#### ABOUT THIS EXERCISE:
Where does the string "force" appear? Copy every line of the entries below that holds it.

(Stored items)

lemma lyapunov_tendsto_zero:
  fixes x :: "real \<Rightarrow> 'a::metric_space" and V G :: "'a \<Rightarrow> real"
  assumes S: "compact S" "continuous_on S V" "continuous_on S G"
    and traj: "\<And>t. t \<ge> 0 \<Longrightarrow> x t \<in> S"
    and V_nonneg: "\<And>y. y \<in> S \<Longrightarrow> 0 \<le> V y"
    and G_nonneg: "\<And>y. y \<in> S \<Longrightarrow> 0 \<le> G y"
    and G_pos: "\<And>y. y \<in> S \<Longrightarrow> 0 < V y \<Longrightarrow> 0 < G y"
    and deriv: "\<And>t. t \<ge> 0 \<Longrightarrow> ((\<lambda>t. V (x t)) has_real_derivative - G (x t)) (at t within {0..})"
  shows "((\<lambda>t. V (x t)) \<longlongrightarrow> 0) at_top"
proof (rule tendstoI)
  fix \<epsilon> :: real assume "\<epsilon> > 0"
  then obtain T where T: "T \<ge> 0" "V (x T) < \<epsilon>"
    using lyapunov_eventually_below[OF S traj V_nonneg G_pos deriv] by blast
  show "eventually (\<lambda>t. dist (V (x t)) 0 < \<epsilon>) at_top"
    using eventually_ge_at_top[of T]
  proof (rule eventually_mono)
    fix t assume "T \<le> t"
    then have "V (x t) \<le> V (x T)"
      using DERIV_within_nonpos_imp_nonincreasing[OF deriv] G_nonneg traj T(1) by force
    then show "dist (V (x t)) 0 < \<epsilon>" using T V_nonneg[OF traj[of t]] \<open>T \<le> t\<close> by simp
  qed
qed

lemma tendsto_infdist_zero_set:
  fixes x :: "real \<Rightarrow> 'a::metric_space" and V :: "'a \<Rightarrow> real"
  assumes S: "compact S" "continuous_on S V"
    and traj: "\<And>t. t \<ge> 0 \<Longrightarrow> x t \<in> S"
    and lim: "((\<lambda>t. V (x t)) \<longlongrightarrow> 0) at_top"
  shows "((\<lambda>t. infdist (x t) {y \<in> S. V y = 0}) \<longlongrightarrow> 0) at_top"
proof (rule tendstoI)
  fix \<epsilon> :: real assume "\<epsilon> > 0"
  define Z where "Z = {y \<in> S. V y = 0}"
  define K where "K = {y \<in> S. \<epsilon> \<le> infdist y Z}"
  have "compact K"
    unfolding K_def using S by (intro compact_Collect_le continuous_intros)
  \<comment> \<open>\<open>|V|\<close> is bounded below on \<open>K\<close> by some \<open>m > 0\<close>; once \<open>|V(x t)| < m\<close>, \<open>x t\<close> lies outside \<open>K\<close>.\<close>
  obtain m where m: "m > 0" "\<And>y. y \<in> K \<Longrightarrow> m \<le> \<bar>V y\<bar>"
  proof (cases "K = {}")
    case False
    then obtain y0 where y0: "y0 \<in> K" "\<And>y. y \<in> K \<Longrightarrow> \<bar>V y0\<bar> \<le> \<bar>V y\<bar>"
      using continuous_attains_inf[OF \<open>compact K\<close>, of "\<lambda>y. \<bar>V y\<bar>"]
        continuous_on_subset[OF S(2), of K] continuous_on_rabs by (force simp: K_def)
    have "V y0 \<noteq> 0" using y0(1) \<open>\<epsilon> > 0\<close> by (auto simp: K_def Z_def)
    then show thesis using that[of "\<bar>V y0\<bar>"] y0(2) by simp
  qed (use that[of 1] in simp)
  have "eventually (\<lambda>t. \<bar>V (x t)\<bar> < m \<and> t \<ge> 0) at_top"
    using tendstoD[OF lim \<open>m > 0\<close>] eventually_ge_at_top[of 0] by eventually_elim simp
  then show "eventually (\<lambda>t. dist (infdist (x t) {y \<in> S. V y = 0}) 0 < \<epsilon>) at_top"
  proof (rule eventually_mono)
    fix t assume "\<bar>V (x t)\<bar> < m \<and> t \<ge> 0"
    then have "x t \<notin> K" "x t \<in> S" using m traj by force+
    then show "dist (infdist (x t) {y \<in> S. V y = 0}) 0 < \<epsilon>"
      by (simp add: K_def Z_def infdist_nonneg)
  qed
qed

section \<open>The controlled rigid body\<close>

locale controlled_rigid_body =
  fixes J R0 :: mat3 and W0 :: vec3 and k0 k1 k2 :: real
  assumes J_spd: "sym_pos_def_mat J"
    and k0_pos: "k0 > 0" and k1_pos: "k1 > 0" and k2_pos: "k2 > 0"
begin

abbreviation V :: "mat3 \<Rightarrow> vec3 \<Rightarrow> real" where
  "V \<equiv> lyapV J k0 k1 k2 R0 W0"

definition energy_err :: "vec3 \<Rightarrow> real" where
  "energy_err W = energy J W - energy J W0"

definition momentum_err :: "mat3 \<Rightarrow> vec3 \<Rightarrow> vec3" where
  "momentum_err R W = angmom J R W - angmom J R0 W0"

definition grad_R :: "mat3 \<Rightarrow> vec3 \<Rightarrow> mat3" where
  "grad_R R W = k0 *\<^sub>R (R ** orth_defect R) + k2 *\<^sub>R outer (momentum_err R W) (J *v W)"

definition grad_W :: "mat3 \<Rightarrow> vec3 \<Rightarrow> vec3" where
  "grad_W R W = (k1 * energy_err W) *\<^sub>R (J *v W) + k2 *\<^sub>R (J *v (transpose R *v momentum_err R W))"

definition dissipation :: "mat3 \<Rightarrow> vec3 \<Rightarrow> real" where
  "dissipation R W = (norm (grad_R R W))\<^sup>2 + (norm (grad_W R W))\<^sup>2"

lemma J_symmetric: "transpose J = J"
  using J_spd by (simp add: sym_pos_def_mat_def)

lemma J_pos_def: "v \<noteq> 0 \<Longrightarrow> 0 < inner v (J *v v)"
  using J_spd by (simp add: sym_pos_def_mat_def)

lemma J_invertible: "invertible J"
  unfolding invertible_iff_ker using J_pos_def by (metis inner_zero_right order_less_irrefl)

lemma lyapV_eq: "V R W =
   k0 / 4 * (norm (orth_defect R))\<^sup>2 + k1 / 2 * (energy_err W)\<^sup>2 + k2 / 2 * (norm (momentum_err R W))\<^sup>2"
  by (simp add: lyapV_def frob_def norm_eq_sqrt_inner inner_self_eq_trace orth_defect_def
      energy_err_def momentum_err_def)

lemma lyapV_nonneg: "0 \<le> V R W"
  unfolding lyapV_eq using k0_pos k1_pos k2_pos by simp

lemma lyapV_eq_0_iff: "V R W = 0 \<longleftrightarrow> orth_defect R = 0 \<and> energy_err W = 0 \<and> momentum_err R W = 0"
  unfolding lyapV_eq using k0_pos k1_pos k2_pos by (simp add: add_nonneg_eq_0_iff)

lemma lyapV_sublevel_bounds:
  assumes "V R W \<le> c" "c \<le> k0 / 16" "c \<le> k1 * d\<^sup>2 / 2" "d \<ge> 0"
  shows "norm (orth_defect R) \<le> 1/2" "\<bar>energy_err W\<bar> \<le> d"
proof -
  have "0 \<le> k2 / 2 * (norm (momentum_err R W))\<^sup>2" "0 \<le> k0 / 4 * (norm (orth_defect R))\<^sup>2"
    "0 \<le> k1 / 2 * (energy_err W)\<^sup>2"
    using k0_pos k1_pos k2_pos by auto
  then have "k0 / 4 * (norm (orth_defect R))\<^sup>2 \<le> k0 / 4 * (1/2)\<^sup>2"
    "k1 / 2 * (energy_err W)\<^sup>2 \<le> k1 / 2 * d\<^sup>2"
    using assms lyapV_eq[of R W] by (simp_all add: power2_eq_square)
  then have "(norm (orth_defect R))\<^sup>2 \<le> (1/2)\<^sup>2" "(energy_err W)\<^sup>2 \<le> d\<^sup>2"
    using k0_pos k1_pos by simp_all
  then show "norm (orth_defect R) \<le> 1/2" "\<bar>energy_err W\<bar> \<le> d"
    using \<open>d \<ge> 0\<close> by (auto intro: power2_le_imp_le simp: abs_le_square_iff)
qed

lemma lyapV_zero_set_eq_target_set:
  "{p \<in> dom_U. V (fst p) (snd p) = 0} = target_set J R0 W0"
  using det_orthogonal_matrix
  by (force simp: lyapV_eq_0_iff dom_U_def target_set_def orth_defect_eq_0_iff energy_err_def
      momentum_err_def rotation_matrix_def)

lemma has_derivative_lyapV:
  fixes R :: "real \<Rightarrow> mat3" and W :: "real \<Rightarrow> vec3"
  assumes dR: "(R has_vector_derivative R') (at t within S)"
    and dW: "(W has_vector_derivative W') (at t within S)"
  shows "((\<lambda>t. V (R t) (W t)) has_real_derivative
     inner (grad_R (R t) (W t)) R' + inner (grad_W (R t) (W t)) W') (at t within S)"
proof -
  define X where "X = orth_defect (R t)"
  define X' where "X' = transpose (R t) ** R' + transpose R' ** R t"
  define p where "p = momentum_err (R t) (W t)"
  define p' where "p' = R t *v (J *v W') + R' *v (J *v W t)"
  define e' where "e' = inner (J *v W t) W'"
  have dJW: "((\<lambda>t. J *v W t) has_vector_derivative J *v W') (at t within S)"
    using bounded_bilinear.has_vector_derivative[OF bounded_bilinear_matrix_vector_mult
        has_vector_derivative_const dW, of J] by simp
  have dX: "((\<lambda>t. orth_defect (R t)) has_vector_derivative X') (at t within S)"
    using bounded_bilinear.has_vector_derivative[OF bounded_bilinear_matrix_matrix_mult
        bounded_linear.has_vector_derivative[OF bounded_linear_transpose dR] dR]
    unfolding orth_defect_def X'_def by (subst has_vector_derivative_diff_const) simp
  have dp: "((\<lambda>t. momentum_err (R t) (W t)) has_vector_derivative p') (at t within S)"
    using bounded_bilinear.has_vector_derivative[OF bounded_bilinear_matrix_vector_mult dR dJW]
    unfolding momentum_err_def angmom_def p'_def by (subst has_vector_derivative_diff_const) simp
  have de: "((\<lambda>t. energy_err (W t)) has_real_derivative e') (at t within S)"
  proof -
    have "inner (W t) (J *v W') = inner (J *v W t) W'"
      by (rule inner_symmetric_matrix[OF J_symmetric])
    then have "((\<lambda>t. inner (W t) (J *v W t)) has_real_derivative 2 * e') (at t within S)"
      using bounded_bilinear.has_vector_derivative[OF bounded_bilinear_inner dW dJW]
      by (simp add: e'_def inner_commute has_real_derivative_iff_has_vector_derivative)
    from DERIV_diff[OF DERIV_cmult[OF this, of "1/2"] DERIV_const[of "energy J W0"]] show ?thesis
      unfolding energy_err_def energy_def by simp
  qed
  have "((\<lambda>t. V (R t) (W t)) has_real_derivative
      k0/4 * (2 * inner X X') + k1/2 * (2 * energy_err (W t) * e') + k2/2 * (2 * inner p p'))
      (at t within S)"
    unfolding lyapV_eq X_def p_def
    using DERIV_power[OF de, of 2]
    by (intro DERIV_add DERIV_cmult has_real_derivative_norm_power2[OF dX]
        has_real_derivative_norm_power2[OF dp]) (simp_all add: mult_ac)
  then show ?thesis
    unfolding X'_def p'_def X_def inner_orth_defect_derivative inner_angmom_derivative[OF J_symmetric]
    by (simp add: grad_R_def grad_W_def inner_add_left p_def e'_def algebra_simps inner_commute)
qed

text \<open>The free rigid body preserves \<open>R\<^sup>T R\<close>, the energy and the spatial angular momentum, so its
  vector field is orthogonal to the gradient of \<open>V\<close>.\<close>

lemma free_field_orthogonal_grad:
  "inner (grad_R R W) (R ** hat W) + inner (grad_W R W) (matrix_inv J *v cross3 (J *v W) W) = 0"
proof -
  define X where "X = orth_defect R"
  define p where "p = momentum_err R W"
  define u where "u = J *v W"
  have "inner (R ** X) (R ** hat W) = inner ((transpose R ** R) ** X) (hat W)"
    by (simp add: inner_matrix_mult_left matrix_mul_assoc)
  also have "\<dots> = 0"
  proof (rule inner_hat_symmetric)
    have "transpose R ** R = X + mat 1" by (simp add: X_def orth_defect_def)
    then show "transpose ((transpose R ** R) ** X) = (transpose R ** R) ** X"
      by (simp add: matrix_transpose_mul X_def orth_defect_symmetric matrix_add_ldistrib
          matrix_add_rdistrib transpose_add)
  qed
  finally have a1: "inner (R ** X) (R ** hat W) = 0" .
  have a2: "inner (outer p u) (R ** hat W) = inner p (R *v cross3 W u)"
    by (simp add: inner_outer hat_mult_vector matrix_vector_mul_assoc[symmetric])
  have a3: "inner u (matrix_inv J *v cross3 u W) = 0"
    unfolding u_def using inner_matrix_inv_symmetric[OF J_symmetric J_invertible, of W]
    by (simp add: dot_cross_self)
  have a4: "inner (J *v (transpose R *v p)) (matrix_inv J *v cross3 u W) = inner p (R *v cross3 u W)"
    using inner_matrix_inv_symmetric[OF J_symmetric J_invertible] inner_matrix_vector_mult[of p R]
    by (simp add: inner_commute del: transpose_matrix_vector)
  show ?thesis
    using a1 a2 a3 a4 cross_skew[of u W]
    by (simp add: grad_R_def grad_W_def inner_add_left X_def p_def u_def matrix_vector_mult_uminus
        del: transpose_matrix_vector)
qed
(* Let $d\geqslant2$ and let $\mu$ be a Borel probability measure on $GL(d,\mathbb R)$. Assume either that (A1), (A2) hold and $s\in I_\mu^+$, or that (A1), (A2), (A3) hold and $s\in(-s_0,0)$, where $s_0>0$ is a sufficiently small constant (depending on $\mu$). Then for every $y\in(\mathbb P^{d-1})^*$ and every bounded measurable function $\varphi$ on $\mathbb P^{d-1}$, $$\upsilon_s^y(\varphi)=\int_{GL(d,\mathbb R)} g\upsilon_s^{g^*y}(\varphi)\,q_s^*(g,y)\,\mu(dg).$$
   Context: For $x=\mathbb Rv\in\mathbb P^{d-1}$, $y=\mathbb Rf\in(\mathbb P^{d-1})^*$: $\delta(x,y)=\frac{|\langle f,v\rangle|}{|f||v|}$, $\sigma(g,x)=\log\frac{|gv|}{|v|}$, $\sigma(g^*,y)=\log\frac{|g^*f|}{|f|}$ with $g^*$ the adjoint of $g$ acting on $(\mathbb P^{d-1})^*$. $I_\mu^+=\{s\geqslant0:\int\|g\|^s\mu(dg)<\infty\}$. $P_s\varphi(x)=\int e^{s\sigma(g,x)}\varphi(gx)\mu(dg)$. $\Gamma_\mu$ is the smallest closed subsemigroup containing $\operatorname{supp}\mu$; (A1): no finite union of proper subspaces of $\mathbb R^d$ is $\Gamma_\mu$-invariant; (A2): $\Gamma_\mu$ contains a matrix with an algebraically simple eigenvalue of modulus strictly larger than all others; (A3): $\int N(g)^\alpha\mu(dg)<\infty$ for some $\alpha\in(0,1)$, $N(g)=\max\{\|g\|,\|g^{-1}\|\}$. In each case there is a number $\kappa(s)>0$ and a unique probability measure $\nu_s$ on $\mathbb P^{d-1}$ with $\int P_s\varphi d\nu_s=\kappa(s)\int\varphi d\nu_s$. Set $r_s^*(y)=\int_{\mathbb P^{d-1}}\delta(x,y)^s\nu_s(dx)$ (a positive continuous function), $\upsilon_s^y(\varphi)=\int\varphi(x)\frac{\delta(x,y)^s}{r_s^*(y)}\nu_s(dx)$, $g\upsilon_s^y(\varphi)=\int\varphi(gx)\upsilon_s^y(dx)$, and $q_s^*(g,y)=\frac{e^{s\sigma(g^*,y)}}{\kappa(s)}\frac{r_s^*(g^*y)}{r_s^*(y)}$. *)

theory Defs
  imports "HOL-Analysis.Analysis" "HOL-Probability.Probability_Measure" "HOL-Computational_Algebra.Polynomial"
begin

typedef ('n::finite) proj = "{L :: (real^'n) set. \<exists>v. v \<noteq> 0 \<and> L = range (\<lambda>c::real. c *\<^sub>R v)}"
  by (rule exI[of _ "range (\<lambda>c::real. c *\<^sub>R (1::real^'n))"]) (auto intro!: exI[of _ "1::real^'n"])

definition line :: "real^'n::finite \<Rightarrow> 'n proj" where
  "line v = Abs_proj (range (\<lambda>c::real. c *\<^sub>R v))"

definition rep :: "'n::finite proj \<Rightarrow> real^'n" where
  "rep x = (SOME v. v \<noteq> 0 \<and> v \<in> Rep_proj x)"

text \<open>Borel sigma-algebra of the quotient topology on P^{d-1}: sets whose preimage in
  R^d minus 0 is Borel.\<close>
definition proj_borel :: "'n::finite proj measure" where
  "proj_borel = sigma UNIV {A. {v. v \<noteq> 0 \<and> line v \<in> A} \<in> sets borel}"

definition proj_continuous :: "('n::finite proj \<Rightarrow> real) \<Rightarrow> bool" where
  "proj_continuous \<phi> \<longleftrightarrow> continuous_on (UNIV - {0}) (\<lambda>v. \<phi> (line v))"

text \<open>Action of a matrix on P^{d-1}. The dual projective space is identified with P^{d-1}
  via the standard inner product, so the adjoint g* acts as the transpose.\<close>
definition act :: "real^'n^'n \<Rightarrow> 'n::finite proj \<Rightarrow> 'n proj" where
  "act g x = line (g *v rep x)"

definition delta :: "'n::finite proj \<Rightarrow> 'n proj \<Rightarrow> real" where
  "delta x y = \<bar>rep y \<bullet> rep x\<bar> / (norm (rep y) * norm (rep x))"

definition cocycle :: "real^'n^'n \<Rightarrow> 'n::finite proj \<Rightarrow> real" where
  "cocycle g x = ln (norm (g *v rep x) / norm (rep x))"

text \<open>Real power t^s for t \<ge> 0 with the convention 0^0 = 1.\<close>
definition rpow :: "real \<Rightarrow> real \<Rightarrow> real" where
  "rpow t s = (if s = 0 then 1 else t powr s)"

definition opnorm :: "real^'n^'n::finite \<Rightarrow> real" where
  "opnorm g = onorm (\<lambda>x. g *v x)"

definition Nmat :: "real^'n^'n::finite \<Rightarrow> real" where
  "Nmat g = max (opnorm g) (opnorm (matrix_inv g))"

definition I_plus :: "(real^'n^'n::finite) measure \<Rightarrow> real set" where
  "I_plus \<mu> = {s. s \<ge> 0 \<and> (\<integral>\<^sup>+ g. ennreal (opnorm g powr s) \<partial>\<mu>) < \<infinity>}"

definition GL :: "(real^'n^'n::finite) set" where
  "GL = {g. invertible g}"

definition supp_GL :: "(real^'n^'n::finite) measure \<Rightarrow> (real^'n^'n) set" where
  "supp_GL \<mu> = {g \<in> GL. \<forall>U. open U \<longrightarrow> g \<in> U \<longrightarrow> emeasure \<mu> U > 0}"

definition Gamma :: "(real^'n^'n::finite) measure \<Rightarrow> (real^'n^'n) set" where
  "Gamma \<mu> = \<Inter>{S. S \<subseteq> GL \<and> closedin (top_of_set GL) S \<and>
                    (\<forall>a\<in>S. \<forall>b\<in>S. a ** b \<in> S) \<and> supp_GL \<mu> \<subseteq> S}"

definition A1 :: "(real^'n^'n::finite) measure \<Rightarrow> bool" where
  "A1 \<mu> \<longleftrightarrow> \<not> (\<exists>\<V> :: (real^'n) set set. finite \<V> \<and> \<V> \<noteq> {} \<and>
       (\<forall>V\<in>\<V>. subspace V \<and> V \<noteq> {0} \<and> V \<noteq> UNIV) \<and>
       (\<forall>g\<in>Gamma \<mu>. (\<lambda>v. g *v v) ` (\<Union>\<V>) = \<Union>\<V>))"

#### OUTPUT OF THE TASK:
      using DERIV_within_nonpos_imp_nonincreasing[OF deriv] G_nonneg traj T(1) by force
        continuous_on_subset[OF S(2), of K] continuous_on_rabs by (force simp: K_def)
    then have "x t \<notin> K" "x t \<in> S" using m traj by force+
  by (force simp: lyapV_eq_0_iff dom_U_def target_set_def orth_defect_eq_0_iff energy_err_def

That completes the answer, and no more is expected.